+++ Data provided +++

(* For all integers $n\ge1$ and $d\ge0$, in $K[t]$: $$\tau^n(b_d(t))=l_d^{q^{n-1}}\sum_{d\ge i_1\ge i_2\ge\cdots\ge i_n\ge0}l_{i_1}^{q^{n-2}-q^{n-1}}l_{i_2}^{q^{n-3}-q^{n-2}}\cdots l_{i_{n-1}}^{1-q}\,l_{i_n}^{-1}\,b_{i_n}(t),$$ and consequently $$\sum_{a\in A^+(d)}\frac{a(t)}{a^{q^n}}=l_d^{q^{n-1}-q^n}\sum_{d\ge i_1\ge\cdots\ge i_n\ge0}l_{i_1}^{q^{n-2}-q^{n-1}}\cdots l_{i_{n-1}}^{1-q}\,l_{i_n}^{-1}\,b_{i_n}(t).$$ (For $n=1$ the product of powers of $l_{i_1},\ldots,l_{i_{n-1}}$ is empty and the summand is $l_{i_1}^{-1}b_{i_1}(t)$.)
   Context: $A=\mathbb{F}_q[\theta]$, $K=\mathbb{F}_q(\theta)$, $A^+(d)$ the monic polynomials of degree $d$; $t$ an indeterminate and $a(t)$ is $a$ with $\theta$ replaced by $t$. $l_0=1$, $l_i=(\theta-\theta^{q^i})l_{i-1}$; $b_0(t)=1$, $b_i(t)=\prod_{k=0}^{i-1}(t-\theta^{q^k})$. $\tau$ is the $\mathbb{F}_q[t]$-linear ring endomorphism of $K[t]$ with $\tau(c)=c^q$ for $c\in K$. *)

theory Defs
  imports "HOL-Computational_Algebra.Polynomial_Factorial" "HOL-Library.FuncSet" "HOL-Library.Cardinality"
begin

text \<open>F_q is a finite field type 'a, q = CARD('a); A = 'a poly; K = 'a poly fract;
  K[t] = 'a poly fract poly.\<close>

definition theta :: "'a::{finite,field} poly fract" where
  "theta = to_fract [:0, 1:]"

definition lfac :: "nat \<Rightarrow> 'a::{finite,field} poly fract" where
  "lfac i = (\<Prod>k\<in>{1..i}. theta - theta ^ (CARD('a) ^ k))"

definition bpoly :: "nat \<Rightarrow> 'a::{finite,field} poly fract poly" where
  "bpoly i = (\<Prod>k<i. [: - (theta ^ (CARD('a) ^ k)), 1 :])"

definition tau :: "'a::{finite,field} poly fract poly \<Rightarrow> 'a poly fract poly" where
  "tau p = map_poly (\<lambda>c. c ^ CARD('a)) p"

definition monic_deg :: "nat \<Rightarrow> 'a::{finite,field} poly set" where
  "monic_deg d = {a. lead_coeff a = 1 \<and> degree a = d}"

text \<open>a(t): a with theta replaced by t, as an element of K[t]\<close>
definition at_t :: "'a::{finite,field} poly \<Rightarrow> 'a poly fract poly" where
  "at_t a = map_poly (\<lambda>c. to_fract [:c:]) a"

definition chains :: "nat \<Rightarrow> nat \<Rightarrow> (nat \<Rightarrow> nat) set" where
  "chains n d = {i \<in> {1..n} \<rightarrow>\<^sub>E {0..d}. \<forall>j\<in>{1..<n}. i (Suc j) \<le> i j}"

definition chain_sum :: "nat \<Rightarrow> nat \<Rightarrow> 'a::{finite,field} poly fract poly" where
  "chain_sum n d = (\<Sum>i\<in>chains n d.
     smult ((\<Prod>j\<in>{1..<n}. (lfac (i j) :: 'a poly fract) powi
               (int (CARD('a) ^ (n - 1 - j)) - int (CARD('a) ^ (n - j))))
            * (lfac (i n)) powi (-1))
       (bpoly (i n)))"

end

theory Submission
  imports Defs
begin

text \<open>The twist \<open>\<tau>\<close> is the coefficientwise \<open>q\<close>-th power map, a ring endomorphism of \<open>K[t]\<close>
  fixing every \<open>a(t)\<close>. Since \<open>\<tau>(b\<^sub>d) (t - \<theta>) = b\<^sub>d\<^sub>+\<^sub>1\<close>, one application gives
  \<open>\<tau>(b\<^sub>d) = l\<^sub>d \<Sum>\<^sub>i\<^sub>\<le>\<^sub>d b\<^sub>i / l\<^sub>i\<close>; iterating and unfolding the nested sums into chains
  \<open>d \<ge> i\<^sub>1 \<ge> \<dots> \<ge> i\<^sub>n\<close> gives the first formula.

  The second formula is \<open>\<tau>\<^sup>n\<close> applied to \<open>\<Sum>\<^sub>a a(t)/a = b\<^sub>d(t)/l\<^sub>d\<close> (sum over monic \<open>a\<close> of
  degree \<open>d\<close>). For this, let \<open>W\<^sub>n\<close> (\<open>at_t_quot_sum n\<close>) be the sum of \<open>b(t)/b\<close> over nonzero \<open>b\<close> of degree
  \<open>< n\<close>. Scaling by \<open>\<bbbF>\<^sub>q\<^sup>\<times>\<close> gives \<open>W\<^sub>d\<^sub>+\<^sub>1 = W\<^sub>d - \<Sum>\<^sub>a a(t)/a\<close>, and
  \<open>W\<^sub>d\<^sub>+\<^sub>1 = -\<tau>(b\<^sub>d)/l\<^sub>d\<close>: both have degree \<open>\<le> d\<close>, and at \<open>t = \<theta>^q^k\<close>, \<open>k \<le> d\<close>, the
  left side is the power sum \<open>\<Sum> b^(q^k - 1)\<close> over an \<open>\<bbbF>\<^sub>q\<close>-space of dimension \<open>d + 1\<close>,
  which is \<open>-1\<close> for \<open>k = 0\<close> and \<open>0\<close> otherwise, exactly as for the right side.\<close>

section \<open>Finite fields\<close>

lemma card_field_ge_2: "2 \<le> CARD('a::{finite,field})"
proof -
  have "card {0::'a, 1} \<le> CARD('a)"
    by (rule card_mono) auto
  then show ?thesis
    by simp
qed

lemma power_card_eq_self:
  fixes x :: "'a::{finite,field}"
  shows "x ^ CARD('a) = x"
proof (cases "x = 0")
  case True
  then show ?thesis
    using card_field_ge_2[where 'a='a] by simp
next
  case False
  let ?U = "UNIV - {0::'a}"
  have "bij_betw ((*) x) ?U ?U"
    using False by (intro bij_betwI[where g = "\<lambda>y. y / x"]) auto
  then have "(\<Prod>y\<in>?U. x * y) = \<Prod>?U"
    by (rule prod.reindex_bij_betw)
  then have "x ^ (CARD('a) - 1) * \<Prod>?U = 1 * \<Prod>?U"
    by (simp add: prod.distrib card_Diff_singleton)
  then have "x ^ (CARD('a) - 1) = 1"
    by (subst (asm) mult_cancel_right) simp
  moreover have "CARD('a) = Suc (CARD('a) - 1)"
    using card_field_ge_2[where 'a='a] by simp
  ultimately show ?thesis
    by (metis power_Suc2 mult_1_left)
qed

lemma of_nat_card_choose_eq_0:
  assumes "0 < k" "k < CARD('a::{finite,field})"
  shows "of_nat (CARD('a) choose k) = (0::'a)"
proof -
  let ?q = "CARD('a)"
  define P :: "'a poly" where "P = [:1, 1:] ^ ?q - monom 1 ?q - 1"
  have "P = 0"
  proof (rule poly_eqI_degree[of UNIV])
    show "poly P x = poly 0 x" for x
      by (simp add: P_def poly_monom power_card_eq_self)
    have "coeff P j = 0" if "?q \<le> j" for j
    proof (cases "j = ?q")
      case False
      then have "coeff ([:1, 1:] ^ ?q :: 'a poly) j = 0"
        using that by (intro coeff_eq_0) (simp add: degree_linear_power)
      then show ?thesis
        using False that by (simp add: P_def)
    qed (use card_field_ge_2[where 'a='a] in \<open>simp add: P_def coeff_linear_poly_power\<close>)
    then have "degree P < ?q"
      using card_field_ge_2[where 'a='a] by (intro degree_lessI) auto
    then show "degree P < card (UNIV :: 'a set)" "degree 0 < card (UNIV :: 'a set)"
      by simp_all
  qed
  then have "coeff P k = 0"
    by simp
  then show ?thesis
    using assms by (simp add: P_def coeff_linear_poly_power)
qed

lemma prod_diff_additive_subgroup:
  fixes V :: "'a::comm_ring_1 set"
  assumes "\<And>x y. x \<in> V \<Longrightarrow> y \<in> V \<Longrightarrow> x - y \<in> V" and "r \<in> V"
  shows "(\<Prod>s\<in>V - {r}. r - s) = \<Prod>(V - {0})"
proof -
  have "bij_betw (\<lambda>s. r - s) (V - {r}) (V - {0})"
    using assms by (intro bij_betwI[where g = "\<lambda>u. r - u"]) auto
  then show ?thesis
    by (rule prod.reindex_bij_betw)
qed

text \<open>Lagrange interpolation of \<open>X ^ m\<close> at the points of \<open>V\<close>: the coefficient of
  \<open>X ^ (card V - 1)\<close> is the power sum, because translation invariance of \<open>V\<close> makes every
  \<open>\<Prod>s\<in>V-{r}. r - s\<close> equal to the same nonzero constant \<open>\<alpha>\<close>.\<close>
lemma sum_power_additive_subgroup_eq_0:
  fixes V :: "'a::field set"
  assumes fin: "finite V" and diff: "\<And>x y. x \<in> V \<Longrightarrow> y \<in> V \<Longrightarrow> x - y \<in> V"
    and m: "m + 1 < card V"
  shows "(\<Sum>r\<in>V. r ^ m) = 0"
proof -
  define N where "N = card V"
  define \<alpha> where "\<alpha> = \<Prod>(V - {0})"
  define Q where "Q r = (\<Prod>s\<in>V - {r}. [:- s, 1:])" for r
  define G where "G = (\<Sum>r\<in>V. smult (r ^ m) (Q r)) - smult \<alpha> (monom 1 m)"
  have degree_Q: "degree (Q r) = N - 1" if "r \<in> V" for r
    using that fin by (simp add: Q_def N_def degree_prod_sum_eq)
  have coeff_Q: "coeff (Q r) (N - 1) = 1" if "r \<in> V" for r
  proof -
    have "lead_coeff (Q r) = 1"
      by (simp add: Q_def lead_coeff_prod)
    then show ?thesis
      using degree_Q[OF that] by simp
  qed
  have poly_Q: "poly (Q r) s = (if r = s then \<alpha> else 0)" if "r \<in> V" "s \<in> V" for r s
  proof (cases "r = s")
    case False
    then show ?thesis
      using that fin by (auto simp: Q_def poly_prod intro: prod_zero bexI[of _ s])
  qed (use that prod_diff_additive_subgroup[OF diff that(1)] in \<open>simp add: Q_def \<alpha>_def poly_prod\<close>)
  have "G = 0"
  proof (rule poly_eqI_degree[of V])
    fix s assume s: "s \<in> V"
    have "(\<Sum>r\<in>V. r ^ m * poly (Q r) s) = (\<Sum>r\<in>V. if r = s then s ^ m * \<alpha> else 0)"
      by (intro sum.cong) (auto simp: poly_Q s)
    then show "poly G s = poly 0 s"
      using fin s by (simp add: G_def poly_sum poly_monom)
  next
    have "degree G \<le> N - 1"
      unfolding G_def
    proof (intro degree_diff_le degree_sum_le fin)
      show "degree (smult (r ^ m) (Q r)) \<le> N - 1" if "r \<in> V" for r
        using degree_Q[OF that] degree_smult_le[of "r ^ m" "Q r"] by simp
      show "degree (smult \<alpha> (monom 1 m)) \<le> N - 1"
        using m degree_smult_le[of \<alpha> "monom 1 m"] by (simp add: degree_monom_eq N_def)
    qed
    then show "degree G < card V" "degree 0 < card V"
      using m by (simp_all add: N_def)
  qed
  then have "coeff G (N - 1) = 0"
    by simp
  moreover have "coeff (monom (1::'a) m) (N - 1) = 0"
    using m by (simp add: N_def)
  moreover have "(\<Sum>r\<in>V. r ^ m * coeff (Q r) (N - 1)) = (\<Sum>r\<in>V. r ^ m)"
    by (intro sum.cong refl) (simp only: coeff_Q mult_1_right)
  ultimately show ?thesis
    by (simp add: G_def coeff_sum)
qed

lemma of_nat_card_eq_0: "of_nat CARD('a) = (0::'a::{finite,field})"
  using sum_power_additive_subgroup_eq_0[of "UNIV :: 'a set" 0] card_field_ge_2[where 'a='a]
  by simp

section \<open>The twist \<open>\<tau>\<close>\<close>

lemma to_fract_power: "to_fract (x ^ n) = to_fract x ^ n"
  by (induction n) simp_all

lemma of_nat_fract_poly: "(of_nat n :: 'a::idom poly fract) = to_fract [:of_nat n:]"
proof -
  have "(of_nat n :: 'a poly fract) = to_fract (of_nat n)"
    by (induction n) simp_all
  then show ?thesis
    by (simp add: of_nat_poly)
qed

lemma fract_poly_power_card_add:
  fixes x y :: "'a::{finite,field} poly fract"
  shows "(x + y) ^ CARD('a) = x ^ CARD('a) + y ^ CARD('a)"
proof -
  let ?q = "CARD('a)"
  have "(x + y) ^ ?q = (\<Sum>k\<le>?q. of_nat (?q choose k) * x ^ k * y ^ (?q - k))"
    by (rule binomial_ring)
  also have "\<dots> = (\<Sum>k\<in>{0, ?q}. of_nat (?q choose k) * x ^ k * y ^ (?q - k))"
  proof (intro sum.mono_neutral_right ballI)
    fix k assume "k \<in> {..?q} - {0, ?q}"
    then show "of_nat (?q choose k) * x ^ k * y ^ (?q - k) = 0"
      by (simp add: of_nat_fract_poly of_nat_card_choose_eq_0)
  qed auto
  finally show ?thesis
    using card_field_ge_2[where 'a='a] by (simp add: add.commute)
qed

lemma fract_poly_power_card_uminus:
  fixes x :: "'a::{finite,field} poly fract"
  shows "(- x) ^ CARD('a) = - (x ^ CARD('a))"
  using fract_poly_power_card_add[of x "- x"] card_field_ge_2[where 'a='a]
  by (simp add: eq_neg_iff_add_eq_0 add.commute power_0_left)

lemma to_fract_const_power_card: "to_fract [:c:] ^ CARD('a) = to_fract [:c::'a::{finite,field}:]"
  by (simp add: poly_const_pow power_card_eq_self flip: to_fract_power)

+++

§ Assigned task
Copy out only the lines running from the beginning of the data to the line with "1 \<and> degree", both ends included.

§ Written response
(* For all integers $n\ge1$ and $d\ge0$, in $K[t]$: $$\tau^n(b_d(t))=l_d^{q^{n-1}}\sum_{d\ge i_1\ge i_2\ge\cdots\ge i_n\ge0}l_{i_1}^{q^{n-2}-q^{n-1}}l_{i_2}^{q^{n-3}-q^{n-2}}\cdots l_{i_{n-1}}^{1-q}\,l_{i_n}^{-1}\,b_{i_n}(t),$$ and consequently $$\sum_{a\in A^+(d)}\frac{a(t)}{a^{q^n}}=l_d^{q^{n-1}-q^n}\sum_{d\ge i_1\ge\cdots\ge i_n\ge0}l_{i_1}^{q^{n-2}-q^{n-1}}\cdots l_{i_{n-1}}^{1-q}\,l_{i_n}^{-1}\,b_{i_n}(t).$$ (For $n=1$ the product of powers of $l_{i_1},\ldots,l_{i_{n-1}}$ is empty and the summand is $l_{i_1}^{-1}b_{i_1}(t)$.)
   Context: $A=\mathbb{F}_q[\theta]$, $K=\mathbb{F}_q(\theta)$, $A^+(d)$ the monic polynomials of degree $d$; $t$ an indeterminate and $a(t)$ is $a$ with $\theta$ replaced by $t$. $l_0=1$, $l_i=(\theta-\theta^{q^i})l_{i-1}$; $b_0(t)=1$, $b_i(t)=\prod_{k=0}^{i-1}(t-\theta^{q^k})$. $\tau$ is the $\mathbb{F}_q[t]$-linear ring endomorphism of $K[t]$ with $\tau(c)=c^q$ for $c\in K$. *)

theory Defs
  imports "HOL-Computational_Algebra.Polynomial_Factorial" "HOL-Library.FuncSet" "HOL-Library.Cardinality"
begin

text \<open>F_q is a finite field type 'a, q = CARD('a); A = 'a poly; K = 'a poly fract;
  K[t] = 'a poly fract poly.\<close>

definition theta :: "'a::{finite,field} poly fract" where
  "theta = to_fract [:0, 1:]"

definition lfac :: "nat \<Rightarrow> 'a::{finite,field} poly fract" where
  "lfac i = (\<Prod>k\<in>{1..i}. theta - theta ^ (CARD('a) ^ k))"

definition bpoly :: "nat \<Rightarrow> 'a::{finite,field} poly fract poly" where
  "bpoly i = (\<Prod>k<i. [: - (theta ^ (CARD('a) ^ k)), 1 :])"

definition tau :: "'a::{finite,field} poly fract poly \<Rightarrow> 'a poly fract poly" where
  "tau p = map_poly (\<lambda>c. c ^ CARD('a)) p"

definition monic_deg :: "nat \<Rightarrow> 'a::{finite,field} poly set" where
  "monic_deg d = {a. lead_coeff a = 1 \<and> degree a = d}"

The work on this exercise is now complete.